# Problem to solve
Once the line containing "Context: Let $(W,\omega)$" is found in the entries below, reproduce it and every line after it, stopping at and including the line containing "p_2=(175,196),\ p_3=(216,82),\ p_4=(189,51),\"; reproduce nothing else, and keep each line exact.

Top of Data to examine

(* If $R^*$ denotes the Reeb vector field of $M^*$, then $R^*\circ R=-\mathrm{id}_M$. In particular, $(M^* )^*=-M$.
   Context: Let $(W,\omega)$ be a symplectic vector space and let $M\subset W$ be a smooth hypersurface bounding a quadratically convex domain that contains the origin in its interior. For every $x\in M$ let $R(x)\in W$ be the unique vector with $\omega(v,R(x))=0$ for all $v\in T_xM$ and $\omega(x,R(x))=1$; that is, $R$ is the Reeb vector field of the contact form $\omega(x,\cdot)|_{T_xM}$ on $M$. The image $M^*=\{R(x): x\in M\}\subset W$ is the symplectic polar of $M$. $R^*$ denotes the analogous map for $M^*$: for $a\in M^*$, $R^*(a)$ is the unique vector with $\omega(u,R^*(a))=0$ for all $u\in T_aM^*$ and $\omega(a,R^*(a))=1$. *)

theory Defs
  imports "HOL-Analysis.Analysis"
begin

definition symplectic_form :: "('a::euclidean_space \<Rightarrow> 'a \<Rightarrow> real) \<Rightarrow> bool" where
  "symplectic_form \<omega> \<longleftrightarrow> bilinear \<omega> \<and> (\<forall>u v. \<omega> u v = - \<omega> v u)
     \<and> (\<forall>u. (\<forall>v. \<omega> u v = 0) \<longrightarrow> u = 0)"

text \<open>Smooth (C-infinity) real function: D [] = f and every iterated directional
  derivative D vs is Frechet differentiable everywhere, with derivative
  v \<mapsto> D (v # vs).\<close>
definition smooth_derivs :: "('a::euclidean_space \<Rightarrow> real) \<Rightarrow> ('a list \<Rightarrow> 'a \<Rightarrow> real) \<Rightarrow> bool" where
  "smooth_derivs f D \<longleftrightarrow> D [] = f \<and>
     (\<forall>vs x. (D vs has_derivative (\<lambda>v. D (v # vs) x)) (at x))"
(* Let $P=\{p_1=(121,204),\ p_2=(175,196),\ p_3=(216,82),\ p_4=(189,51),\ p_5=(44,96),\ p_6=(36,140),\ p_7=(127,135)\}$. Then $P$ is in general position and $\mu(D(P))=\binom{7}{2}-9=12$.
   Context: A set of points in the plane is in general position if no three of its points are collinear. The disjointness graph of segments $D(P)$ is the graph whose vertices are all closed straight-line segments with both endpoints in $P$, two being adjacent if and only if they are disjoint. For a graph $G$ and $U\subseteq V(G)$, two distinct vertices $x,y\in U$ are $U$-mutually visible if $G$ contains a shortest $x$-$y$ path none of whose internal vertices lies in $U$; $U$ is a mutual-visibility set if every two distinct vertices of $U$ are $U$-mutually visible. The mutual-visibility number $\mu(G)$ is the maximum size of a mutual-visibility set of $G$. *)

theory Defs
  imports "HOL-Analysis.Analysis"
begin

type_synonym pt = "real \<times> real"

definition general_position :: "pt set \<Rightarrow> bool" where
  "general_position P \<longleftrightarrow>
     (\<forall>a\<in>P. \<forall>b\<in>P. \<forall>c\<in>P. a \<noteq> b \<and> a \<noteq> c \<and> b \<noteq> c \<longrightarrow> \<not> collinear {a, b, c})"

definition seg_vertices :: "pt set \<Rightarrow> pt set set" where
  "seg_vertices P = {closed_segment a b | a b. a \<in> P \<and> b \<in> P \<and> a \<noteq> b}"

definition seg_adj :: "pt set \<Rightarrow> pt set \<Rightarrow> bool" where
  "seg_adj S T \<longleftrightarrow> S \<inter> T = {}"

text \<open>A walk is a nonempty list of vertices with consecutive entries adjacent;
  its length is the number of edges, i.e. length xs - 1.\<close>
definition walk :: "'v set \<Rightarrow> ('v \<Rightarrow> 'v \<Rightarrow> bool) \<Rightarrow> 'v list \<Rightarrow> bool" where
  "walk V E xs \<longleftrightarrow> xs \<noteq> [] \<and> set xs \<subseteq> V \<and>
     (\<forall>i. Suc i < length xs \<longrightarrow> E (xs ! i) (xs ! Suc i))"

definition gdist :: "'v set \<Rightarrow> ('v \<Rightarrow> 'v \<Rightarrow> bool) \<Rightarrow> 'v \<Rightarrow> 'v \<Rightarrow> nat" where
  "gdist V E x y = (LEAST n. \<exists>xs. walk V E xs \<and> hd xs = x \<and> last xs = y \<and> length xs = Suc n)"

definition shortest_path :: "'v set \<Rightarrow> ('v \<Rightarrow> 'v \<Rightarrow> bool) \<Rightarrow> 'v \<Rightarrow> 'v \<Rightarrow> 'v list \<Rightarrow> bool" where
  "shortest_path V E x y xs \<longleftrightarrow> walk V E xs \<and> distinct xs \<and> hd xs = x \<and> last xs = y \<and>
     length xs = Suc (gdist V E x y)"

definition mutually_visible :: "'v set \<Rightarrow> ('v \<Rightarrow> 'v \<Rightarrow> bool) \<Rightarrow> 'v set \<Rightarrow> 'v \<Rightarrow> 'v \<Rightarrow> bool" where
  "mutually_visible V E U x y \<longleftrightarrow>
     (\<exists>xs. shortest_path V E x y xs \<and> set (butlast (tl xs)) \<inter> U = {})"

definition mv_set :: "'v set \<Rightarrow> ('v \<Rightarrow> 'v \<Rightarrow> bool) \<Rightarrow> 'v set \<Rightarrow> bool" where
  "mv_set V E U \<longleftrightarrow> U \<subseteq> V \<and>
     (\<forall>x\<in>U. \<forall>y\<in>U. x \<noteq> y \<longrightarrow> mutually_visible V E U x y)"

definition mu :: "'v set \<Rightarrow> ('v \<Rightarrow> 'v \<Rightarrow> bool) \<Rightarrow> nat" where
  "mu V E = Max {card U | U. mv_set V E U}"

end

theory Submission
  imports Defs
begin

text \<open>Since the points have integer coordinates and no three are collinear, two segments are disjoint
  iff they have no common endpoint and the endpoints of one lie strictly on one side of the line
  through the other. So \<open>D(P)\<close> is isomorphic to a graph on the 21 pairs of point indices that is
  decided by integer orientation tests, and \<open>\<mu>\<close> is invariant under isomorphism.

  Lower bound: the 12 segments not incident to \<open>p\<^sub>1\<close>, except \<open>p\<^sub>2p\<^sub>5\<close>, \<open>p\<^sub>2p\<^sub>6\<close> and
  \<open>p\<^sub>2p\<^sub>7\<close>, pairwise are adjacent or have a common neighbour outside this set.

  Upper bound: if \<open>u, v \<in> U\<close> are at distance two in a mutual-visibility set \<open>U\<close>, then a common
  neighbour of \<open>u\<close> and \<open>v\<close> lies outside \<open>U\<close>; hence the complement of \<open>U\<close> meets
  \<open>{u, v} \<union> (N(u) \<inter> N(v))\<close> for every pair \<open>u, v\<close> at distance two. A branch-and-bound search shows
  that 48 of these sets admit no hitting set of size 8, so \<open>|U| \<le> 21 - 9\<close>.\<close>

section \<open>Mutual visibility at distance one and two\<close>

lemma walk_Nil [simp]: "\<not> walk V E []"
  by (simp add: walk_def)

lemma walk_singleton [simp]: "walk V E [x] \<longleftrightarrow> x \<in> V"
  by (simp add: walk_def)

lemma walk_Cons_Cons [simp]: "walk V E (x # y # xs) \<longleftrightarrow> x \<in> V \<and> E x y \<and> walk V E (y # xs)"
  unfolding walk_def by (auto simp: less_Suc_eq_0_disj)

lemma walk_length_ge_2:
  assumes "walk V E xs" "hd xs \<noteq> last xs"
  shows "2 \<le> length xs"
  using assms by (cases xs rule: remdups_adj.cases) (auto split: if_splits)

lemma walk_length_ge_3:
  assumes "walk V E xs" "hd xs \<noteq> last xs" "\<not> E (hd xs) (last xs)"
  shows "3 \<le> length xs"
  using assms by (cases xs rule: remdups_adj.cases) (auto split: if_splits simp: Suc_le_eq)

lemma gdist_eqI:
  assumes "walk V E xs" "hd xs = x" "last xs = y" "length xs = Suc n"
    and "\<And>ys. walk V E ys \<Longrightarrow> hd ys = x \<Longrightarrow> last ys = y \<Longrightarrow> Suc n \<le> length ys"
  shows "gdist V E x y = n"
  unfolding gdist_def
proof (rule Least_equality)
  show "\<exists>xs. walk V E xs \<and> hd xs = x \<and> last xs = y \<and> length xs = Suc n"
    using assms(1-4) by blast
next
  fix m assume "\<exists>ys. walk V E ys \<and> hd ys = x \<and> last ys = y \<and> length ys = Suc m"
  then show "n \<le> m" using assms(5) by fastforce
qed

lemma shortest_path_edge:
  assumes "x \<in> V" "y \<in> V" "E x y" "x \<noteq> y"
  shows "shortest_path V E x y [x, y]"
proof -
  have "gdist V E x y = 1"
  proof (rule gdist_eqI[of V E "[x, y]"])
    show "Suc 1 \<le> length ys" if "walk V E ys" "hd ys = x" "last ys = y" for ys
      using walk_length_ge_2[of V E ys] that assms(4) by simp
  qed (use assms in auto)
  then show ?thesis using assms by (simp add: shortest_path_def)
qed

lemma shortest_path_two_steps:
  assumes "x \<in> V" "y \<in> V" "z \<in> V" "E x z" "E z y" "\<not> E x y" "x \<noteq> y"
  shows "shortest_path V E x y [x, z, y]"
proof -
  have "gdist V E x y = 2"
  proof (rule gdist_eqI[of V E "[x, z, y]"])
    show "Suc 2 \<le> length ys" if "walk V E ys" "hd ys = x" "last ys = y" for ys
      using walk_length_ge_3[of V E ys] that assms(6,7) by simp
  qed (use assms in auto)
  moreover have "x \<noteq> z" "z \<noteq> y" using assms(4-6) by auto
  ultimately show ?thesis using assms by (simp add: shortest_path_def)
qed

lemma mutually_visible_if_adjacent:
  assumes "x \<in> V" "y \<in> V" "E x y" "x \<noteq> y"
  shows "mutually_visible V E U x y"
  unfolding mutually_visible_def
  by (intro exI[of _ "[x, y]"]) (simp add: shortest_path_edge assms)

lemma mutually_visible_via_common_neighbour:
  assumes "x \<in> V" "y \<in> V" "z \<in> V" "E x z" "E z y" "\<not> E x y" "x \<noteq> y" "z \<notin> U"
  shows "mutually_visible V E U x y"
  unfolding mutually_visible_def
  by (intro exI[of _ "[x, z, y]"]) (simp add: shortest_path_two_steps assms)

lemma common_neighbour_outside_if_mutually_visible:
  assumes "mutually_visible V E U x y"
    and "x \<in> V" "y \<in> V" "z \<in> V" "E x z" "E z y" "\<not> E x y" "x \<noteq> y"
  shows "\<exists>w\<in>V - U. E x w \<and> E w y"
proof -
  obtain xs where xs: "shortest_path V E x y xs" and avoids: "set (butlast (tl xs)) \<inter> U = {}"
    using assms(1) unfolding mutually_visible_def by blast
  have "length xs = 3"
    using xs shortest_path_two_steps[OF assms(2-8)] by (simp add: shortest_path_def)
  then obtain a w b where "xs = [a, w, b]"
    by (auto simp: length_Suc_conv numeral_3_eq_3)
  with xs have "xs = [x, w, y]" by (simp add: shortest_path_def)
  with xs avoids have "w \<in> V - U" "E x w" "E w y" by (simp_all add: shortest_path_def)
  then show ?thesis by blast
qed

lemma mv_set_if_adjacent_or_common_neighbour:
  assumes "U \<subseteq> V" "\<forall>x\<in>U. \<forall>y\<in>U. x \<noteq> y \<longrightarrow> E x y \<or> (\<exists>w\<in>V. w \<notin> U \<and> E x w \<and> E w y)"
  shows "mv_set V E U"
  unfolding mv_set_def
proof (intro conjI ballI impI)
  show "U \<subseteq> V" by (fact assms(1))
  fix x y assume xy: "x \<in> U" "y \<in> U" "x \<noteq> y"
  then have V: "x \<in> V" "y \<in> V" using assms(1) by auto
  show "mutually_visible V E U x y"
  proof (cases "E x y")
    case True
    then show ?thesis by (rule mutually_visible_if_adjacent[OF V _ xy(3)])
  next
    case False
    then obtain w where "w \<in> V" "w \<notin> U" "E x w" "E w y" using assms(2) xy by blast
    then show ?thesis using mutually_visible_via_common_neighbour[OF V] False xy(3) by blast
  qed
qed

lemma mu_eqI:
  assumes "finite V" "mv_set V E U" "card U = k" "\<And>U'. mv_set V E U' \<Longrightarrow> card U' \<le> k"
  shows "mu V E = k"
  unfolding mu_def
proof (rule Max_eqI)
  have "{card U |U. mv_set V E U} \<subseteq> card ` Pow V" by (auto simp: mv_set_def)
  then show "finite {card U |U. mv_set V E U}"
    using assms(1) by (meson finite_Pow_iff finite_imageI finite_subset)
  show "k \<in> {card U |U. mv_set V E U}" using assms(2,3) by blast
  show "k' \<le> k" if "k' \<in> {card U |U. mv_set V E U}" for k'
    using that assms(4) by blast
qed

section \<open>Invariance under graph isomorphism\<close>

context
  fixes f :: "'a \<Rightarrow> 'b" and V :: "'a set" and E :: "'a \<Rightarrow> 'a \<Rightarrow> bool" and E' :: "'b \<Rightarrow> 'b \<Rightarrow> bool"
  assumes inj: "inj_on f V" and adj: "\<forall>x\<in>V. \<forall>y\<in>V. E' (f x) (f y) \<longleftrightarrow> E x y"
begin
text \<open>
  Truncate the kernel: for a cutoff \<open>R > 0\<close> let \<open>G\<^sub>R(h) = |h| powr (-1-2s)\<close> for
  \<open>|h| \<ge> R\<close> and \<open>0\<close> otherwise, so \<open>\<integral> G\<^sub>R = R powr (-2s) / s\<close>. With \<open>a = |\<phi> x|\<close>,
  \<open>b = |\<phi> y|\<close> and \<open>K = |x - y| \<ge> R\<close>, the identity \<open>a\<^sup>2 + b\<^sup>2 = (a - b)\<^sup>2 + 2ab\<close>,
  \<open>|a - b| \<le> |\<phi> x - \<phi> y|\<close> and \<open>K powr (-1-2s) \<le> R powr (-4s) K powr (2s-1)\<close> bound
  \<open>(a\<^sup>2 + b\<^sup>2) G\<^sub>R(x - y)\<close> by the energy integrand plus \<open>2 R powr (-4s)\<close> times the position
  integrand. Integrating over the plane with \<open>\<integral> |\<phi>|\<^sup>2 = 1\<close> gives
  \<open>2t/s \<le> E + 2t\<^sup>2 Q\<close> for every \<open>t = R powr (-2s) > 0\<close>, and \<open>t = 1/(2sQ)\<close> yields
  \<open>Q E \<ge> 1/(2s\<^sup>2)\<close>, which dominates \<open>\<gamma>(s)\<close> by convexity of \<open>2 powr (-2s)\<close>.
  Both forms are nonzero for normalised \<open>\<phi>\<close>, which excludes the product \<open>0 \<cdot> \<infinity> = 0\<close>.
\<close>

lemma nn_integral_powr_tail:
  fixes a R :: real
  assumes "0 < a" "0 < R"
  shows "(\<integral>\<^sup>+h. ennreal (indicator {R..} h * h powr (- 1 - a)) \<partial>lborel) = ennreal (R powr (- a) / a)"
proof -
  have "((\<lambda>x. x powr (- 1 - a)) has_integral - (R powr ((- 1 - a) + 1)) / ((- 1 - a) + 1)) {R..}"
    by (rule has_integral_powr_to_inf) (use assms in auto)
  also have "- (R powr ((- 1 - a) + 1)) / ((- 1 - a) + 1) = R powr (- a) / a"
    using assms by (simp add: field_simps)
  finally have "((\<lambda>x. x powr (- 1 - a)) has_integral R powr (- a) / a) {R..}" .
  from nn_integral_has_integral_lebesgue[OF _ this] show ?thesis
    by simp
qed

Bottom of Data to examine

# Answer to the exercise
   Context: Let $(W,\omega)$ be a symplectic vector space and let $M\subset W$ be a smooth hypersurface bounding a quadratically convex domain that contains the origin in its interior. For every $x\in M$ let $R(x)\in W$ be the unique vector with $\omega(v,R(x))=0$ for all $v\in T_xM$ and $\omega(x,R(x))=1$; that is, $R$ is the Reeb vector field of the contact form $\omega(x,\cdot)|_{T_xM}$ on $M$. The image $M^*=\{R(x): x\in M\}\subset W$ is the symplectic polar of $M$. $R^*$ denotes the analogous map for $M^*$: for $a\in M^*$, $R^*(a)$ is the unique vector with $\omega(u,R^*(a))=0$ for all $u\in T_aM^*$ and $\omega(a,R^*(a))=1$. *)

theory Defs
  imports "HOL-Analysis.Analysis"
begin

definition symplectic_form :: "('a::euclidean_space \<Rightarrow> 'a \<Rightarrow> real) \<Rightarrow> bool" where
  "symplectic_form \<omega> \<longleftrightarrow> bilinear \<omega> \<and> (\<forall>u v. \<omega> u v = - \<omega> v u)
     \<and> (\<forall>u. (\<forall>v. \<omega> u v = 0) \<longrightarrow> u = 0)"

text \<open>Smooth (C-infinity) real function: D [] = f and every iterated directional
  derivative D vs is Frechet differentiable everywhere, with derivative
  v \<mapsto> D (v # vs).\<close>
definition smooth_derivs :: "('a::euclidean_space \<Rightarrow> real) \<Rightarrow> ('a list \<Rightarrow> 'a \<Rightarrow> real) \<Rightarrow> bool" where
  "smooth_derivs f D \<longleftrightarrow> D [] = f \<and>
     (\<forall>vs x. (D vs has_derivative (\<lambda>v. D (v # vs) x)) (at x))"
(* Let $P=\{p_1=(121,204),\ p_2=(175,196),\ p_3=(216,82),\ p_4=(189,51),\ p_5=(44,96),\ p_6=(36,140),\ p_7=(127,135)\}$. Then $P$ is in general position and $\mu(D(P))=\binom{7}{2}-9=12$.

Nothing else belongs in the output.